Memoir

William Trager

The Rockefeller University

March 20, 1910 - January 22, 2005


Scientific Discipline: Microbial Biology
Membership Type:
Member (elected 1973)

William Trager was a malaria expert who studied the relationship between parasites and their hosts. His research led to treatments for a variety of tropical diseases, and he developed new methods and tools for growing and studying parasites that vastly expanded the capabilities of everyone in his field.

Trager earned his undergraduate science degree from Rutgers University and his PhD from Harvard in 1933. He then accepted a two-year fellowship at the Rockefeller Institute for Medical Research, where he refined a method for growing parasites outside of their host species. This breakthrough enabled him to better study the nutrients that parasites need to grow and develop, as well as the chemicals they use to affect their hosts.

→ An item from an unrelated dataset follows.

(* Let $K$ be a field with $\operatorname{char}(K)\neq2$ and let $(C_1,C_0,s,t,e,k,(\tau,\psi))$ be a braided categorical Leibniz $K$-algebra. Then $(\ker(s),C_0,({}^e\cdot,\cdot^e),\partial_t,(\{-,-\}_\tau,\langle-,-\rangle_\psi))$ is a braided crossed module of Leibniz $K$-algebras, where for $a,b\in C_0$, $x\in\ker(s)$: $a\,{}^e\cdot\,x=[e(a),x]$, $x\cdot^e a=[x,e(a)]$, $\partial_t=t|_{\ker(s)}$, $\{a,b\}_\tau=\frac{e([a,b])-\tau_{a,b}}{2}$ and $\langle a,b\rangle_\psi=\frac{e([a,b])-\psi_{a,b}}{2}$.
   Context: A Leibniz $K$-algebra: bilinear bracket with $[x,[y,z]]=[[x,y],z]-[[x,z],y]$. Categorical Leibniz algebra $(C_1,C_0,s,t,e,k)$: Leibniz homomorphisms $s,t\colon C_1\to C_0$, $e\colon C_0\to C_1$, $k\colon C_1\times_{C_0}C_1=\{(x,y):t(x)=s(y)\}\to C_1$ forming an internal category ($se=te=\mathrm{Id}$, $sk(x,y)=s(x)$, $tk(x,y)=t(y)$, $k(es(x),x)=x=k(x,et(x))$, $k$ associative). Braiding on it: bilinear $\tau,\psi\colon C_0\times C_0\to C_1$ with, for all $a,b,c\in C_0$, $x,y\in C_1$: $s(\tau_{a,b})=s(\psi_{a,b})=[a,b]$, $t(\tau_{a,b})=t(\psi_{a,b})=-[a,b]$; $k([x,y],\tau_{t(x),t(y)})=k(\tau_{s(x),s(y)},-[x,y])$ and likewise for $\psi$; $\tau_{a,[b,c]}=\tau_{[a,b],c}-\tau_{[a,c],b}$; $\psi_{a,[b,c]}=\tau_{[a,b],c}-\psi_{[a,c],b}$; $\tau_{a,[b,c]}=\tau_{[a,b],c}-\psi_{[a,c],b}$; $\psi_{a,[b,c]}=\psi_{[a,b],c}-\psi_{[a,c],b}$. Leibniz action of $N$ on $M$: bilinear $\cdot_1\colon N\times M\to M$, $\cdot_2\colon M\times N\to M$ with $n\cdot_1[m,m']=[n\cdot_1m,m']-[n\cdot_1m',m]$; $[m,n\cdot_1m']=[m\cdot_2n,m']-[m,m']\cdot_2n$; $[m,m'\cdot_2n]=[m,m']\cdot_2n-[m\cdot_2n,m']$; $m\cdot_2[n,n']=(m\cdot_2n)\cdot_2n'-(m\cdot_2n')\cdot_2n$; $n\cdot_1(m\cdot_2n')=(n\cdot_1m)\cdot_2n'-[n,n']\cdot_1m$; $n\cdot_1(n'\cdot_1m)=[n,n']\cdot_1m-(n\cdot_1m)\cdot_2n'$. Crossed module $(M,N,(\cdot_1,\cdot_2),\partial)$: such an action with Leibniz homomorphism $\partial\colon M\to N$, $\partial(n\cdot_1m)=[n,\partial m]$, $\partial(m\cdot_2n)=[\partial m,n]$, $\partial(m)\cdot_1m'=[m,m']=m\cdot_2\partial(m')$. Braiding on it: bilinear $\{-,-\},\langle-,-\rangle\colon N\times N\to M$ with $\partial\{n,n'\}=[n,n']=\partial\langle n,n'\rangle$; $\{\partial m,\partial m'\}=[m,m']=\langle\partial m,\partial m'\rangle$; $\{\partial m,n\}=m\cdot_2n=\langle\partial m,n\rangle$; $\{n,\partial m\}=n\cdot_1m=\langle n,\partial m\rangle$; $\{n,[n',n'']\}=\{[n,n'],n''\}-\{[n,n''],n'\}$; $\langle n,[n',n'']\rangle=\{[n,n'],n''\}-\langle[n,n''],n'\rangle$; $\{n,[n',n'']\}=\{[n,n'],n''\}-\langle[n,n''],n'\rangle$; $\langle n,[n',n'']\rangle=\langle[n,n'],n''\rangle-\langle[n,n''],n'\rangle$. *)

theory Defs
  imports Complex_Main
begin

During World War II, Trager served as a captain in the U.S. Army Sanitary Corps and oversaw clinical trials of an antimalarial medication while he was stationed in New Guinea. He returned to the Rockefeller Institute after the war and remained there for the rest of his career, continuing to study malaria and as other parasites that cause human disease during a career that lasted nearly seven decades.

Trager received many honors and awards during his lifetime, including the Manson Medal of the Royal Society of Tropical Medicine and Hygiene, the Leuckart Medal, and the S.T. Darling Medal of the World Health Organization. He served as president for several research societies, and he was editor of the Journal of Protozoology from 1953 to 1965.